▶ [Task description]
From the data below, return each line in which the string "bool" is found.

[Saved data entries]

--- START ---

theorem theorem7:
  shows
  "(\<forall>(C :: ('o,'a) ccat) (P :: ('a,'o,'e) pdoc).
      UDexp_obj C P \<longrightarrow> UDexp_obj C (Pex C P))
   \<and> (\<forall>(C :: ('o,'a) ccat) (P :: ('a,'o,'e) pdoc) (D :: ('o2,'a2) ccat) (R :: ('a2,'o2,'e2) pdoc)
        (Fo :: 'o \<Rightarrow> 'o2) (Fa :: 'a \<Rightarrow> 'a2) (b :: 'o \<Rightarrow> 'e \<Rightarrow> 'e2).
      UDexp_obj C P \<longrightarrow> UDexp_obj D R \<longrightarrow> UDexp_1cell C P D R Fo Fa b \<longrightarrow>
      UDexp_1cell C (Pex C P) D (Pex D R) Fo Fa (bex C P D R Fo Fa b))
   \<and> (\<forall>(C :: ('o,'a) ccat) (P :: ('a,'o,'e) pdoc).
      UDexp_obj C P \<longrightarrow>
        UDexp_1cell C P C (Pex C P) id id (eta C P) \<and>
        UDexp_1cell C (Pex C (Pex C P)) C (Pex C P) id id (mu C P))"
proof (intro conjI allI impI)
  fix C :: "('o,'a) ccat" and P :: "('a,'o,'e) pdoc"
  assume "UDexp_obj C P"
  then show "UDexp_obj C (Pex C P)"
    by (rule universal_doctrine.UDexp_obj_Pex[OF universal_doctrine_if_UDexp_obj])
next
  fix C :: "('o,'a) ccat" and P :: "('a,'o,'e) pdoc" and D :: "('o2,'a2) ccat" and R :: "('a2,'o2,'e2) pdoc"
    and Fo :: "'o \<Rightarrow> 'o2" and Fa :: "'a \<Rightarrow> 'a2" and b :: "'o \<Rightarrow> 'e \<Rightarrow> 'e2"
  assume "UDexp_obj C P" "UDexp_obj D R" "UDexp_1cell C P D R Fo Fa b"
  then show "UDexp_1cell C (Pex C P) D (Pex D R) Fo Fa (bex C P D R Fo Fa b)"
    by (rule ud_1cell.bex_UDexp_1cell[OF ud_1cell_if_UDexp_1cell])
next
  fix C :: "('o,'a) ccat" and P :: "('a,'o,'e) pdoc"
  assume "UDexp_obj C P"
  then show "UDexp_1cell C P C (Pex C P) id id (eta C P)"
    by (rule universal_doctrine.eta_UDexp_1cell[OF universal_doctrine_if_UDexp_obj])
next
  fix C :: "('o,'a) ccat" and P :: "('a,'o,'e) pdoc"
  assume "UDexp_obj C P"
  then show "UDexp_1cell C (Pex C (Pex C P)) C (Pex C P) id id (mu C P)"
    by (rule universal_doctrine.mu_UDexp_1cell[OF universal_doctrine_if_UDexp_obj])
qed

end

--- END ---
--- START ---

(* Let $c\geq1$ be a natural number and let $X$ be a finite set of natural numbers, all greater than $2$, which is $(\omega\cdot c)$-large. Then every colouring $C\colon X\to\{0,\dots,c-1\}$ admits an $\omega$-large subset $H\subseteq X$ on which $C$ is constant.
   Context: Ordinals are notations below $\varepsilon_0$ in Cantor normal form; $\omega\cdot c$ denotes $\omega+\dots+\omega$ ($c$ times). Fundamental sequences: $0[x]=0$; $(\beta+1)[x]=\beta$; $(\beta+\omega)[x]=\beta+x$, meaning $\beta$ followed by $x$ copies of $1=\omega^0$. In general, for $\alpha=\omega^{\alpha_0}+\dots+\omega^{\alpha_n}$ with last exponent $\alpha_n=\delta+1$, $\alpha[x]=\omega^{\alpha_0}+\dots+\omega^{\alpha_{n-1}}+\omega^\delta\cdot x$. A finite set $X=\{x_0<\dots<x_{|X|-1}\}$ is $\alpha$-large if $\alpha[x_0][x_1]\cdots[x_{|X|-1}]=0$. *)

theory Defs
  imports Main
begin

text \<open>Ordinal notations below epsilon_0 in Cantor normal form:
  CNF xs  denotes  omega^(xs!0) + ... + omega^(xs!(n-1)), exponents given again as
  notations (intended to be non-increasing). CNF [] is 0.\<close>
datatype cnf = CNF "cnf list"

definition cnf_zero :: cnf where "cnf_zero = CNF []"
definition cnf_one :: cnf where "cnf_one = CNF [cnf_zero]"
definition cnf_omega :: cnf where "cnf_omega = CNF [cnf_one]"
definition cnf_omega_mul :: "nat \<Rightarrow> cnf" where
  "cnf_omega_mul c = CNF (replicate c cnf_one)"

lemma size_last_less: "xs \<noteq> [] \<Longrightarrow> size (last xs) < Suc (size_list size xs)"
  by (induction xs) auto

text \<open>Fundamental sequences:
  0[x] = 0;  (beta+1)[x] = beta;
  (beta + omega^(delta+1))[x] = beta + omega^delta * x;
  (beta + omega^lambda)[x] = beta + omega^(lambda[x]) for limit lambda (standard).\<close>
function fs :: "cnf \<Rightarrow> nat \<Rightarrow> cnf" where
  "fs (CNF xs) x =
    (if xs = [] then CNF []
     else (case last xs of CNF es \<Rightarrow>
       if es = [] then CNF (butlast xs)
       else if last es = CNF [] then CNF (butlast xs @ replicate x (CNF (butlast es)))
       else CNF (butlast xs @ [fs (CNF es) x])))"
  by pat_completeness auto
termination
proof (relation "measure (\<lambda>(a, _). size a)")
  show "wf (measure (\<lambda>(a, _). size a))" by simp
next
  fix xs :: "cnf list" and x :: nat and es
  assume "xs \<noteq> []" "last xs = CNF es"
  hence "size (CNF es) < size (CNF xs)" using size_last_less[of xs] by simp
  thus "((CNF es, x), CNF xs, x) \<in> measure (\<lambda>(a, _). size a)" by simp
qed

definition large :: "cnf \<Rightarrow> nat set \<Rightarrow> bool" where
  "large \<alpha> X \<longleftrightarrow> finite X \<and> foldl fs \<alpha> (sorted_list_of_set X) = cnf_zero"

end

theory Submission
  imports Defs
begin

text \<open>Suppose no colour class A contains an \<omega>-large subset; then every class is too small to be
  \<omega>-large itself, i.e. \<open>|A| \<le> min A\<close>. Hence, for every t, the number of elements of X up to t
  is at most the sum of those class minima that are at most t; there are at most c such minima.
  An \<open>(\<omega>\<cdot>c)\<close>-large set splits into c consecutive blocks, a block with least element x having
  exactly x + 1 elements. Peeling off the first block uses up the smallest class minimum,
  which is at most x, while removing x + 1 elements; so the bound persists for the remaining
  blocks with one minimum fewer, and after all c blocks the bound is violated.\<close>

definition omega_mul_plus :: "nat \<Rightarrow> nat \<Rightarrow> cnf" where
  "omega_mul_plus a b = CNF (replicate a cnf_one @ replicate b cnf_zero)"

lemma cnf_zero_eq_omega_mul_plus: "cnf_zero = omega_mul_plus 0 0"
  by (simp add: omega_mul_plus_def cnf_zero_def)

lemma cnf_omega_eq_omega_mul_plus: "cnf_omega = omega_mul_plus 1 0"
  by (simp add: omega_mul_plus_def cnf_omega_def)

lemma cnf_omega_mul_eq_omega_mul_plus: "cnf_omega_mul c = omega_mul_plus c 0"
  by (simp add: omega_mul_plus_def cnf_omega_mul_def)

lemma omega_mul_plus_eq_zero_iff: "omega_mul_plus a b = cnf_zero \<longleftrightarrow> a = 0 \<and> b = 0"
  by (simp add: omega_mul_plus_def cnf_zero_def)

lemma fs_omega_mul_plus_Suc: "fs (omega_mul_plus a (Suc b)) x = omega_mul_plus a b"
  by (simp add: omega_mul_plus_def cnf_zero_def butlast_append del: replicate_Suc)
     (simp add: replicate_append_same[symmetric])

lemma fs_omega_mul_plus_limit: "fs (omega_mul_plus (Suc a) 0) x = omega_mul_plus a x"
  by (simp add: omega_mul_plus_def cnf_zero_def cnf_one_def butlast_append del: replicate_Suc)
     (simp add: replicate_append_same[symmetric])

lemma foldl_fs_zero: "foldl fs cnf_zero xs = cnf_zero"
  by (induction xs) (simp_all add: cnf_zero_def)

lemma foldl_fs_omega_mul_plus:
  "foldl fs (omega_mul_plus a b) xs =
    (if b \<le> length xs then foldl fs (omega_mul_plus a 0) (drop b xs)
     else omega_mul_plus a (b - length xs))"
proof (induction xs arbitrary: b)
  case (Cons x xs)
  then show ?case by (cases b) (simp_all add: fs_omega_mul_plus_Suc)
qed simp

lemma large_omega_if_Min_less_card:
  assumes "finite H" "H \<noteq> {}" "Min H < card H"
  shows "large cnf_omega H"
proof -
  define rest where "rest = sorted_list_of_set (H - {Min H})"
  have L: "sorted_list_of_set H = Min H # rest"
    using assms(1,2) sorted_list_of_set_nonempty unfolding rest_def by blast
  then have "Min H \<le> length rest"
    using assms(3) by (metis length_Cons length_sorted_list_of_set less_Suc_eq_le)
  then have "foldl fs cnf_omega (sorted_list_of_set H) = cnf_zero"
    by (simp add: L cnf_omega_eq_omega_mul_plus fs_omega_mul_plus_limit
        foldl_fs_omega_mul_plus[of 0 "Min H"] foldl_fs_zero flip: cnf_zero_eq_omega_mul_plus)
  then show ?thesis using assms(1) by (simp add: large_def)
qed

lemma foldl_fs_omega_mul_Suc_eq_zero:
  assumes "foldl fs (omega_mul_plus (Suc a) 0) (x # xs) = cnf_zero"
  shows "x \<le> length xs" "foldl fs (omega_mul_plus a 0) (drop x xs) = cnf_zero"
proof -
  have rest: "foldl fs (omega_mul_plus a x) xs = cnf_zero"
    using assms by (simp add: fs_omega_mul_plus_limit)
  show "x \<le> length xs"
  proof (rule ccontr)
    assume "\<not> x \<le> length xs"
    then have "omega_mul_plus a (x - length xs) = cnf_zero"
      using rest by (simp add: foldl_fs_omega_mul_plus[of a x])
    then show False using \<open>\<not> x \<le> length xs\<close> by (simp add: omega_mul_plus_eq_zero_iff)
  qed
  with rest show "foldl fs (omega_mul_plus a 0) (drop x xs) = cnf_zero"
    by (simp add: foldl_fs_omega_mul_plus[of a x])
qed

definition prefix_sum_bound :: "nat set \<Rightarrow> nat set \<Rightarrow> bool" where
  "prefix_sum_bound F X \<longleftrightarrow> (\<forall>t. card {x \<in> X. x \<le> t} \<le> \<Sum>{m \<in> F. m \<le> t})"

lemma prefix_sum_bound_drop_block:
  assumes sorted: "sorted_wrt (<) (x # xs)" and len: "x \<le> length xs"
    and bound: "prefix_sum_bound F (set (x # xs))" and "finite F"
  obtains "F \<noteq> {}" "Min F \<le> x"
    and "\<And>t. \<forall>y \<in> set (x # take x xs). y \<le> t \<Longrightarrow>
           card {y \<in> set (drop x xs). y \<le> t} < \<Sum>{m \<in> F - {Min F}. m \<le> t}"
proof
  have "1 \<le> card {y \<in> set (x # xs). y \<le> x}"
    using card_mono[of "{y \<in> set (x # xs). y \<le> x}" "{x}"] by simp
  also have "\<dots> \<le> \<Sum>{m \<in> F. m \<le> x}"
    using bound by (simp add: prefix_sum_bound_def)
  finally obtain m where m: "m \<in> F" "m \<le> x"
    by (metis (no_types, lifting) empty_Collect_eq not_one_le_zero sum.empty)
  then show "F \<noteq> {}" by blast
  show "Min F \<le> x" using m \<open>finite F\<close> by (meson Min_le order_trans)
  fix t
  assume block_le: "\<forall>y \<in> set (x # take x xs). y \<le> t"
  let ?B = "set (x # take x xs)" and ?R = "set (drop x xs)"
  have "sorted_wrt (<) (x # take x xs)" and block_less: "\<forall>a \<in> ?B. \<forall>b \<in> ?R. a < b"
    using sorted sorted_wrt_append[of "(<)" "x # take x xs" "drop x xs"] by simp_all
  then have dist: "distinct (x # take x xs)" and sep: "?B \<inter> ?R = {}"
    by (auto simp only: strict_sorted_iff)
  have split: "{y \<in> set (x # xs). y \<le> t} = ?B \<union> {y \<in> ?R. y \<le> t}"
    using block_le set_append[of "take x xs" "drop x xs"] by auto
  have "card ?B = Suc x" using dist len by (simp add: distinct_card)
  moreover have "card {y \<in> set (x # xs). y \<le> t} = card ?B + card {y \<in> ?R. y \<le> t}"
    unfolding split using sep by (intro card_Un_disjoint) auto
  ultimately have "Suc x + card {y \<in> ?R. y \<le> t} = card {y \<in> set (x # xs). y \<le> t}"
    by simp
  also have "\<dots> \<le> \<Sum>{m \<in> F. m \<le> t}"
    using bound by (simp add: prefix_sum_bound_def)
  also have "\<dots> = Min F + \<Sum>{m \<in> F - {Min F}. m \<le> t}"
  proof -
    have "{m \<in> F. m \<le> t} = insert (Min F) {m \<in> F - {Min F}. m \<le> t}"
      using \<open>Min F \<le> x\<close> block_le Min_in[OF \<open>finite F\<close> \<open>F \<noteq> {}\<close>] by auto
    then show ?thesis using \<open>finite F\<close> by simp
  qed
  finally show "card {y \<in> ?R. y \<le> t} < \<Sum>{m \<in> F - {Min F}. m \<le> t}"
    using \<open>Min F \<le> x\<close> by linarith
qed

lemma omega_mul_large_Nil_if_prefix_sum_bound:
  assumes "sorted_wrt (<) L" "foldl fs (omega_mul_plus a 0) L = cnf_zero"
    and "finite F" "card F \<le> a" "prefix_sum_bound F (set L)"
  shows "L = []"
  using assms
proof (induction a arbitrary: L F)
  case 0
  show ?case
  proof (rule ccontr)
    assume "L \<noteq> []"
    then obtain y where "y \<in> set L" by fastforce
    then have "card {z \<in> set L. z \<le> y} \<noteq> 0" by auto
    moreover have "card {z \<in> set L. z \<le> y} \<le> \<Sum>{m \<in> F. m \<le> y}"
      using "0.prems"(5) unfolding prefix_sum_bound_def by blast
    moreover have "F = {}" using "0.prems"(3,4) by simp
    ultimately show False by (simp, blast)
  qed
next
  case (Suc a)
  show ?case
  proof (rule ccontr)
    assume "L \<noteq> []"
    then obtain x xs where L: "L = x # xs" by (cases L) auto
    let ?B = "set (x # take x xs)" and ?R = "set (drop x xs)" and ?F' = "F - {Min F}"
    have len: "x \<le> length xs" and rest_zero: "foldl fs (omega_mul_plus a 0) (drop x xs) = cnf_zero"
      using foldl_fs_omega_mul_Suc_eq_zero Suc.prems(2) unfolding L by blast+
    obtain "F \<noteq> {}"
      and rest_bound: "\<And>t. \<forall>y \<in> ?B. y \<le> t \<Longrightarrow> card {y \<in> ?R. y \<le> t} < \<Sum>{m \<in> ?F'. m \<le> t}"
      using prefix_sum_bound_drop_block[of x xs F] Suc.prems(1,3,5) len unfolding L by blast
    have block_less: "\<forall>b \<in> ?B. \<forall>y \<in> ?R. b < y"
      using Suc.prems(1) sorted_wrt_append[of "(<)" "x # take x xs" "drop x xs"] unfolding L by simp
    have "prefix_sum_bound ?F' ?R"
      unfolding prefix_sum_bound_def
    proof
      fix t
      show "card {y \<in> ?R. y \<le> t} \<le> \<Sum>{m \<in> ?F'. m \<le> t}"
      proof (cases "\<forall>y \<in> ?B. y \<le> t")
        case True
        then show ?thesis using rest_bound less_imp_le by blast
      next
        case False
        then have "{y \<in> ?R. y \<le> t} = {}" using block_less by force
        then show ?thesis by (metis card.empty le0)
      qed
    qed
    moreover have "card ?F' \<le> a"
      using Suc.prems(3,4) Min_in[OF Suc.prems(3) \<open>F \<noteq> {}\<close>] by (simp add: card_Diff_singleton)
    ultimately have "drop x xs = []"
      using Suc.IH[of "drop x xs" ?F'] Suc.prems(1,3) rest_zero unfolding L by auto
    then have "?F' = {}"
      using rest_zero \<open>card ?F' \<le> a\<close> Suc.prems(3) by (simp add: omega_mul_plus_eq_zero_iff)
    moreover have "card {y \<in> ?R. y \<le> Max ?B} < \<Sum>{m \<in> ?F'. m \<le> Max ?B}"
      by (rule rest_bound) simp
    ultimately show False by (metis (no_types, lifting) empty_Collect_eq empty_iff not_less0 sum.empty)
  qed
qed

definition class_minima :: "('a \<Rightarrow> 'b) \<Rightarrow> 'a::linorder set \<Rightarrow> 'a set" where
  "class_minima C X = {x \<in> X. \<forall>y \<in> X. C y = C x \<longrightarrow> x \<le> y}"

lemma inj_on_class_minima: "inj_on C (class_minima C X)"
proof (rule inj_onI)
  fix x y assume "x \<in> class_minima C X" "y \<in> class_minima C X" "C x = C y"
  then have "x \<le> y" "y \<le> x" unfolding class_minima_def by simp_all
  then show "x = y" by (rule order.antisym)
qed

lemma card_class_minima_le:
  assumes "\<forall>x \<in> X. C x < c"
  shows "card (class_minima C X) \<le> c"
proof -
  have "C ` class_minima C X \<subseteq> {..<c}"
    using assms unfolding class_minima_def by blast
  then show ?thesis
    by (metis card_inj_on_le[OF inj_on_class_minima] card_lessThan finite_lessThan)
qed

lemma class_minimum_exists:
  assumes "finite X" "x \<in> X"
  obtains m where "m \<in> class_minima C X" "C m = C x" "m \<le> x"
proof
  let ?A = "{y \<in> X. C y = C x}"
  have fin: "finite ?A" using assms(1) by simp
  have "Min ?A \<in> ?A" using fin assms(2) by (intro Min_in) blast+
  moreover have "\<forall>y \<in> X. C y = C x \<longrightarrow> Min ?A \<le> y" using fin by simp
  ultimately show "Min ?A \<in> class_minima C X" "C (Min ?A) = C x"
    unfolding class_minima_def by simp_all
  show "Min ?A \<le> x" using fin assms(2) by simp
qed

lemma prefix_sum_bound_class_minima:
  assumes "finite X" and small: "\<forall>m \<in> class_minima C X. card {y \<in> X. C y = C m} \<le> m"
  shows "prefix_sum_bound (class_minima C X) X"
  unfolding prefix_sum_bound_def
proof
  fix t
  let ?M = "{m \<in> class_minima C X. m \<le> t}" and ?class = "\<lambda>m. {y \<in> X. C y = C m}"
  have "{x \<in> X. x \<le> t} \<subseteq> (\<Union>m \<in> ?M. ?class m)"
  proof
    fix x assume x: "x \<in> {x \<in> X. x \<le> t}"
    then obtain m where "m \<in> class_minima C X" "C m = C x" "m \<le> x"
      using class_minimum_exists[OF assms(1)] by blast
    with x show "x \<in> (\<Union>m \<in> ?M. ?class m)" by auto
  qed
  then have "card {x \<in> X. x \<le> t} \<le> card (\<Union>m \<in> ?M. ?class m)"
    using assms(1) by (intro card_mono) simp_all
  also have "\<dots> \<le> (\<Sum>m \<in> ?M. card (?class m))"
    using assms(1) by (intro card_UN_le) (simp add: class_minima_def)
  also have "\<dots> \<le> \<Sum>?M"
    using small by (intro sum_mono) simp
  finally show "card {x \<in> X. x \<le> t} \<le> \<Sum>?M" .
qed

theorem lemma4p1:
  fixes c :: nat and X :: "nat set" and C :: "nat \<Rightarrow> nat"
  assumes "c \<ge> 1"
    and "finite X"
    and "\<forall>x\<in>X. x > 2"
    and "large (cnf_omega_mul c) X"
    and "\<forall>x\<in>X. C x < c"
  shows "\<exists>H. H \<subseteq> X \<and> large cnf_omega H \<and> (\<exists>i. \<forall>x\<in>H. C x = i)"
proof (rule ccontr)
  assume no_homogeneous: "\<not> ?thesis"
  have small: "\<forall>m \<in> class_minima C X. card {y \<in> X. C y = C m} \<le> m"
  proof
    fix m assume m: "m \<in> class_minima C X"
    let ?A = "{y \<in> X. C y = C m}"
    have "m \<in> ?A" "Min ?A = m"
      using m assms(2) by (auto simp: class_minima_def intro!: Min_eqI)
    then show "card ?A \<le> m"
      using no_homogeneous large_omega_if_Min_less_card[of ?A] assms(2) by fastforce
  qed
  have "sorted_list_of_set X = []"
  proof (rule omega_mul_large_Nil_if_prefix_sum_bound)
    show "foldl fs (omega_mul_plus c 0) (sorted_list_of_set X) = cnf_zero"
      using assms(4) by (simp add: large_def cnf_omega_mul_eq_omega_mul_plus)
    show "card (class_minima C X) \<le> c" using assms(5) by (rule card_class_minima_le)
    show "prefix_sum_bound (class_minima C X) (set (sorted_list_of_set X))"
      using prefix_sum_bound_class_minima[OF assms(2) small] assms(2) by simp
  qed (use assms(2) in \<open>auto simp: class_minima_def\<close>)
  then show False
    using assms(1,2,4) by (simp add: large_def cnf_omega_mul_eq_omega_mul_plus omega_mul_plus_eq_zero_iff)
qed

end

--- END ---

▶ [Answer for the task]
definition large :: "cnf \<Rightarrow> nat set \<Rightarrow> bool" where
definition prefix_sum_bound :: "nat set \<Rightarrow> nat set \<Rightarrow> bool" where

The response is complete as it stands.